*TRY IT*.
Each line in the records below, from the one that contains "which yields the" to the one that contains "(X - Y) = g21", should be reproduced exactly, the first and last included.

*RECORDS SUPPLIED*.
(* Under the hypotheses of Lemma 2.2, let $\varphi(U)=\phi(U)-\phi(I)U+[T,U]$ with $T=P_1\phi(P_1)P_2+P_2\phi(P_2)P_1$. Then for all $U_{ij},V_{ij}\in\mathcal{U}_{ij}$ ($i,j=1,2$): (1) $\varphi(U_{11}\circ V_{12})=\varphi(U_{11})\circ V_{12}+U_{11}\circ\varphi(V_{12})$; (2) $\varphi(U_{22}\circ V_{21})=\varphi(U_{22})\circ V_{21}+U_{22}\circ\varphi(V_{21})$; (3) $\varphi(U_{11}\circ V_{21})=\varphi(U_{11})\circ V_{21}+U_{11}\circ\varphi(V_{21})$; (4) $\varphi(U_{22}\circ V_{12})=\varphi(U_{22})\circ V_{12}+U_{22}\circ\varphi(V_{12})$; (5) $\varphi(U_{11}\circ V_{11})=\varphi(U_{11})\circ V_{11}+U_{11}\circ\varphi(V_{11})$; (6) $\varphi(U_{22}\circ V_{22})=\varphi(U_{22})\circ V_{22}+U_{22}\circ\varphi(V_{22})$; (7) $\varphi(U_{12}\circ V_{21})=\varphi(U_{12})\circ V_{21}+U_{12}\circ\varphi(V_{21})$; (8) $\varphi(U_{21}\circ V_{12})=\varphi(U_{21})\circ V_{12}+U_{21}\circ\varphi(V_{12})$.
   Context: $\mathcal{U}=\begin{pmatrix}\mathcal{A}&\mathcal{M}\\ \mathcal{N}&\mathcal{B}\end{pmatrix}$ is a generalized matrix ring: $\mathcal{A},\mathcal{B}$ unital 2-torsion free rings, $\mathcal{M}$ a unital $(\mathcal{A},\mathcal{B})$-bimodule faithful on both sides (if $A\mathcal{M}=\{0\}$ then $A=0$; if $\mathcal{M}B=\{0\}$ then $B=0$), $\mathcal{N}$ a unital $(\mathcal{B},\mathcal{A})$-bimodule, with bimodule pairings $MN\in\mathcal{A}$, $NM\in\mathcal{B}$ satisfying $(MN)M'=M(NM')$, $(NM)N'=N(MN')$; $\mathcal{U}$ consists of $2\times2$ matrices with usual matrix operations and identity $I$. The hypotheses of Lemma 2.2: $\phi:\mathcal{U}\to\mathcal{U}$ is additive and $\phi(U)\circ V+U\circ\phi(V)=0$ whenever $UV=VU=0$. $X\circ Y=XY+YX$, $[X,Y]=XY-YX$. $P_1=\mathrm{diag}(I_{\mathcal{A}},0)$, $P_2=\mathrm{diag}(0,I_{\mathcal{B}})$, and $\mathcal{U}_{ij}=P_i\mathcal{U}P_j$. *)

theory Defs
  imports Main
begin

text \<open>Elements of the generalized matrix ring U = [[A, M], [N, B]] as 2x2 arrays.\<close>
datatype ('a, 'm, 'n, 'b) gm = GM (g11: 'a) (g12: 'm) (g21: 'n) (g22: 'b)

instantiation gm :: (ab_group_add, ab_group_add, ab_group_add, ab_group_add) ab_group_add
begin
definition zero_gm_def: "0 = GM 0 0 0 0"
definition plus_gm_def: "X + Y = GM (g11 X + g11 Y) (g12 X + g12 Y) (g21 X + g21 Y) (g22 X + g22 Y)"
definition uminus_gm_def: "- X = GM (- g11 X) (- g12 X) (- g21 X) (- g22 X)"
definition minus_gm_def: "X - Y = GM (g11 X - g11 Y) (g12 X - g12 Y) (g21 X - g21 Y) (g22 X - g22 Y)"
instance
  by standard (simp_all add: zero_gm_def plus_gm_def uminus_gm_def minus_gm_def algebra_simps)
end

record ('a, 'b, 'm, 'n) gmr_ops =
  lA  :: "'a \<Rightarrow> 'm \<Rightarrow> 'm"
  rB  :: "'m \<Rightarrow> 'b \<Rightarrow> 'm"
  lB  :: "'b \<Rightarrow> 'n \<Rightarrow> 'n"
  rA  :: "'n \<Rightarrow> 'a \<Rightarrow> 'n"
  pMN :: "'m \<Rightarrow> 'n \<Rightarrow> 'a"
  pNM :: "'n \<Rightarrow> 'm \<Rightarrow> 'b"

definition gen_matrix_ring :: "('a::ring_1, 'b::ring_1, 'm::ab_group_add, 'n::ab_group_add) gmr_ops \<Rightarrow> bool" where
  "gen_matrix_ring G \<longleftrightarrow>
    (\<forall>a a' m. lA G (a + a') m = lA G a m + lA G a' m) \<and>
    (\<forall>a m m'. lA G a (m + m') = lA G a m + lA G a m') \<and>
    (\<forall>a a' m. lA G (a * a') m = lA G a (lA G a' m)) \<and>
    (\<forall>m. lA G 1 m = m) \<and>
    (\<forall>m b b'. rB G m (b + b') = rB G m b + rB G m b') \<and>
    (\<forall>m m' b. rB G (m + m') b = rB G m b + rB G m' b) \<and>
    (\<forall>m b b'. rB G m (b * b') = rB G (rB G m b) b') \<and>
    (\<forall>m. rB G m 1 = m) \<and>
    (\<forall>a m b. lA G a (rB G m b) = rB G (lA G a m) b) \<and>
    (\<forall>b b' n. lB G (b + b') n = lB G b n + lB G b' n) \<and>
    (\<forall>b n n'. lB G b (n + n') = lB G b n + lB G b n') \<and>
    (\<forall>b b' n. lB G (b * b') n = lB G b (lB G b' n)) \<and>
    (\<forall>n. lB G 1 n = n) \<and>
    (\<forall>n a a'. rA G n (a + a') = rA G n a + rA G n a') \<and>
    (\<forall>n n' a. rA G (n + n') a = rA G n a + rA G n' a) \<and>
    (\<forall>n a a'. rA G n (a * a') = rA G (rA G n a) a') \<and>
    (\<forall>n. rA G n 1 = n) \<and>
    (\<forall>b n a. lB G b (rA G n a) = rA G (lB G b n) a) \<and>
    (\<forall>m m' n. pMN G (m + m') n = pMN G m n + pMN G m' n) \<and>
    (\<forall>m n n'. pMN G m (n + n') = pMN G m n + pMN G m n') \<and>
    (\<forall>a m n. pMN G (lA G a m) n = a * pMN G m n) \<and>
    (\<forall>m n a. pMN G m (rA G n a) = pMN G m n * a) \<and>
    (\<forall>m b n. pMN G (rB G m b) n = pMN G m (lB G b n)) \<and>
    (\<forall>n n' m. pNM G (n + n') m = pNM G n m + pNM G n' m) \<and>
    (\<forall>n m m'. pNM G n (m + m') = pNM G n m + pNM G n m') \<and>
    (\<forall>b n m. pNM G (lB G b n) m = b * pNM G n m) \<and>
    (\<forall>n m b. pNM G n (rB G m b) = pNM G n m * b) \<and>
    (\<forall>n a m. pNM G (rA G n a) m = pNM G n (lA G a m)) \<and>
    (\<forall>m n m'. lA G (pMN G m n) m' = rB G m (pNM G n m')) \<and>
    (\<forall>n m n'. lB G (pNM G n m) n' = rA G n (pMN G m n'))"

definition faithful_M :: "('a::ring_1, 'b::ring_1, 'm::ab_group_add, 'n::ab_group_add) gmr_ops \<Rightarrow> bool" where
  "faithful_M G \<longleftrightarrow>
    (\<forall>a. (\<forall>m. lA G a m = 0) \<longrightarrow> a = 0) \<and>
    (\<forall>b. (\<forall>m. rB G m b = 0) \<longrightarrow> b = 0)"

definition two_torsion_free :: "'a::ab_group_add itself \<Rightarrow> bool" where
  "two_torsion_free _ \<longleftrightarrow> (\<forall>x::'a. x + x = 0 \<longrightarrow> x = 0)"

definition gmul :: "('a::ring_1, 'b::ring_1, 'm::ab_group_add, 'n::ab_group_add) gmr_ops
    \<Rightarrow> ('a, 'm, 'n, 'b) gm \<Rightarrow> ('a, 'm, 'n, 'b) gm \<Rightarrow> ('a, 'm, 'n, 'b) gm" where
  "gmul G X Y = GM
     (g11 X * g11 Y + pMN G (g12 X) (g21 Y))
     (lA G (g11 X) (g12 Y) + rB G (g12 X) (g22 Y))
     (rA G (g21 X) (g11 Y) + lB G (g22 X) (g21 Y))
     (pNM G (g21 X) (g12 Y) + g22 X * g22 Y)"

definition gI :: "('a::ring_1, 'm::ab_group_add, 'n::ab_group_add, 'b::ring_1) gm" where
  "gI = GM 1 0 0 1"
definition gP1 :: "('a::ring_1, 'm::ab_group_add, 'n::ab_group_add, 'b::ring_1) gm" where
  "gP1 = GM 1 0 0 0"
definition gP2 :: "('a::ring_1, 'm::ab_group_add, 'n::ab_group_add, 'b::ring_1) gm" where
  "gP2 = GM 0 0 0 1"

definition jprod where "jprod G X Y = gmul G X Y + gmul G Y X"
definition gcomm where "gcomm G X Y = gmul G X Y - gmul G Y X"

definition corner where "corner G P Q = {gmul G (gmul G P X) Q | X. True}"

end

theory Submission
  imports Defs HOL.Modules
begin

text \<open>Testing the zero-product hypothesis on orthogonal pairs built from the four Peirce blocks
  determines \<open>\<phi>\<close> blockwise: \<open>\<phi>(I) = diag(cA, cB)\<close> with \<open>cA, cB\<close> central, the off-diagonal
  parts of \<open>\<phi>\<close> on \<open>A\<close> and \<open>B\<close> are those of \<open>T = [[0, m0], [n0, 0]]\<close>, and the corrected map
  \<open>\<phi>' U = \<phi> U - \<phi>(I) U + [T, U]\<close> acts on each block as a derivation (of \<open>A\<close>, of \<open>B\<close>, of the
  bimodules \<open>M\<close>, \<open>N\<close>), apart from parts \<open>M \<rightarrow> N\<close>, \<open>N \<rightarrow> M\<close> that are module maps. Since \<open>\<phi>(I)\<close> is
  central and \<open>[T, -]\<close> is an inner derivation, \<open>\<phi>'\<close> again satisfies the zero-product hypothesis,
  which yields the compatibility of these derivations with the pairings. Each of the eight
  identities is then a componentwise consequence.\<close>

lemma gm_eq_iff:
  "X = Y \<longleftrightarrow> g11 X = g11 Y \<and> g12 X = g12 Y \<and> g21 X = g21 Y \<and> g22 X = g22 Y"
  by (cases X; cases Y) auto

lemma GM_add: "GM a m n b + GM a' m' n' b' = GM (a + a') (m + m') (n + n') (b + b')"
  by (simp add: plus_gm_def)

lemma gm_sel_simps[simp]:
  "g11 (X + Y) = g11 X + g11 Y" "g12 (X + Y) = g12 X + g12 Y"
  "g21 (X + Y) = g21 X + g21 Y" "g22 (X + Y) = g22 X + g22 Y"
  "g11 (X - Y) = g11 X - g11 Y" "g12 (X - Y) = g12 X - g12 Y"
  "g21 (X - Y) = g21 X - g21 Y" "g22 (X - Y) = g22 X - g22 Y"
  "g11 (- X) = - g11 X" "g12 (- X) = - g12 X" "g21 (- X) = - g21 X" "g22 (- X) = - g22 X"
  "g11 0 = 0" "g12 0 = 0" "g21 0 = 0" "g22 0 = 0"
  by (simp_all add: plus_gm_def minus_gm_def uminus_gm_def zero_gm_def)

definition jordan_derivation_at ::
    "('a::ring_1, 'b::ring_1, 'm::ab_group_add, 'n::ab_group_add) gmr_ops
     \<Rightarrow> (('a, 'm, 'n, 'b) gm \<Rightarrow> ('a, 'm, 'n, 'b) gm)
     \<Rightarrow> ('a, 'm, 'n, 'b) gm \<Rightarrow> ('a, 'm, 'n, 'b) gm \<Rightarrow> bool"
  where "jordan_derivation_at G f U V \<longleftrightarrow>
    f (jprod G U V) = jprod G (f U) V + jprod G U (f V)"

locale generalized_matrix_ring =
  fixes G :: "('a::ring_1, 'b::ring_1, 'm::ab_group_add, 'n::ab_group_add) gmr_ops"
  assumes gen_matrix_ring: "gen_matrix_ring G"
begin

lemma gmr_axioms[simp]:
  "lA G (a + a') m = lA G a m + lA G a' m"
  "lA G a (m + m') = lA G a m + lA G a m'"
  "lA G (a * a') m = lA G a (lA G a' m)"
  "lA G 1 m = m"
  "rB G m (b + b') = rB G m b + rB G m b'"
  "rB G (m + m') b = rB G m b + rB G m' b"
  "rB G m (b * b') = rB G (rB G m b) b'"
  "rB G m 1 = m"
  "lA G a (rB G m b) = rB G (lA G a m) b"
  "lB G (b + b') n = lB G b n + lB G b' n"
  "lB G b (n + n') = lB G b n + lB G b n'"
  "lB G (b * b') n = lB G b (lB G b' n)"
  "lB G 1 n = n"
  "rA G n (a + a') = rA G n a + rA G n a'"
  "rA G (n + n') a = rA G n a + rA G n' a"
  "rA G n (a * a') = rA G (rA G n a) a'"
  "rA G n 1 = n"
  "lB G b (rA G n a) = rA G (lB G b n) a"
  "pMN G (m + m') n = pMN G m n + pMN G m' n"
  "pMN G m (n + n') = pMN G m n + pMN G m n'"
  "pMN G (lA G a m) n = a * pMN G m n"
  "pMN G m (rA G n a) = pMN G m n * a"
  "pMN G (rB G m b) n = pMN G m (lB G b n)"
  "pNM G (n + n') m = pNM G n m + pNM G n' m"
  "pNM G n (m + m') = pNM G n m + pNM G n m'"
  "pNM G (lB G b n) m = b * pNM G n m"
  "pNM G n (rB G m b) = pNM G n m * b"
  "pNM G (rA G n a) m = pNM G n (lA G a m)"
  "lA G (pMN G m n) m' = rB G m (pNM G n m')"
  "lB G (pNM G n m) n' = rA G n (pMN G m n')"
  using gen_matrix_ring by (simp_all add: gen_matrix_ring_def)

lemma additive_actions:
  "additive (lA G a)" "additive (\<lambda>a. lA G a m)"
  "additive (rB G m)" "additive (\<lambda>m. rB G m b)"
  "additive (lB G b)" "additive (\<lambda>b. lB G b n)"
  "additive (rA G n)" "additive (\<lambda>n. rA G n a)"
  "additive (pMN G m)" "additive (\<lambda>m. pMN G m n)"
  "additive (pNM G n)" "additive (\<lambda>n. pNM G n m)"
  by (simp_all add: additive_def)

lemmas actions_zero[simp] = additive_actions[THEN additive.zero]
lemmas actions_minus[simp] = additive_actions[THEN additive.minus]
lemmas actions_diff[simp] = additive_actions[THEN additive.diff]

lemma gmul_assoc: "gmul G (gmul G X Y) Z = gmul G X (gmul G Y Z)"
  by (simp add: gm_eq_iff gmul_def distrib_left distrib_right mult.assoc add_ac)

lemma gmul_distribs:
  "gmul G (X + Y) Z = gmul G X Z + gmul G Y Z"
  "gmul G X (Y + Z) = gmul G X Y + gmul G X Z"
  "gmul G (X - Y) Z = gmul G X Z - gmul G Y Z"
  "gmul G X (Y - Z) = gmul G X Y - gmul G X Z"
  "gmul G 0 X = 0" "gmul G X 0 = 0"
  by (simp_all add: gm_eq_iff gmul_def algebra_simps)

lemma jprod_distribs:
  "jprod G (X + Y) Z = jprod G X Z + jprod G Y Z"
  "jprod G X (Y + Z) = jprod G X Y + jprod G X Z"
  "jprod G (X - Y) Z = jprod G X Z - jprod G Y Z"
  "jprod G X (Y - Z) = jprod G X Y - jprod G X Z"
  by (simp_all add: jprod_def gmul_distribs algebra_simps)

*RESULT OF THIS EXERCISE*.
  which yields the compatibility of these derivations with the pairings. Each of the eight
  identities is then a componentwise consequence.\<close>

lemma gm_eq_iff:
  "X = Y \<longleftrightarrow> g11 X = g11 Y \<and> g12 X = g12 Y \<and> g21 X = g21 Y \<and> g22 X = g22 Y"
  by (cases X; cases Y) auto

lemma GM_add: "GM a m n b + GM a' m' n' b' = GM (a + a') (m + m') (n + n') (b + b')"
  by (simp add: plus_gm_def)

lemma gm_sel_simps[simp]:
  "g11 (X + Y) = g11 X + g11 Y" "g12 (X + Y) = g12 X + g12 Y"
  "g21 (X + Y) = g21 X + g21 Y" "g22 (X + Y) = g22 X + g22 Y"
  "g11 (X - Y) = g11 X - g11 Y" "g12 (X - Y) = g12 X - g12 Y"
  "g21 (X - Y) = g21 X - g21 Y" "g22 (X - Y) = g22 X - g22 Y"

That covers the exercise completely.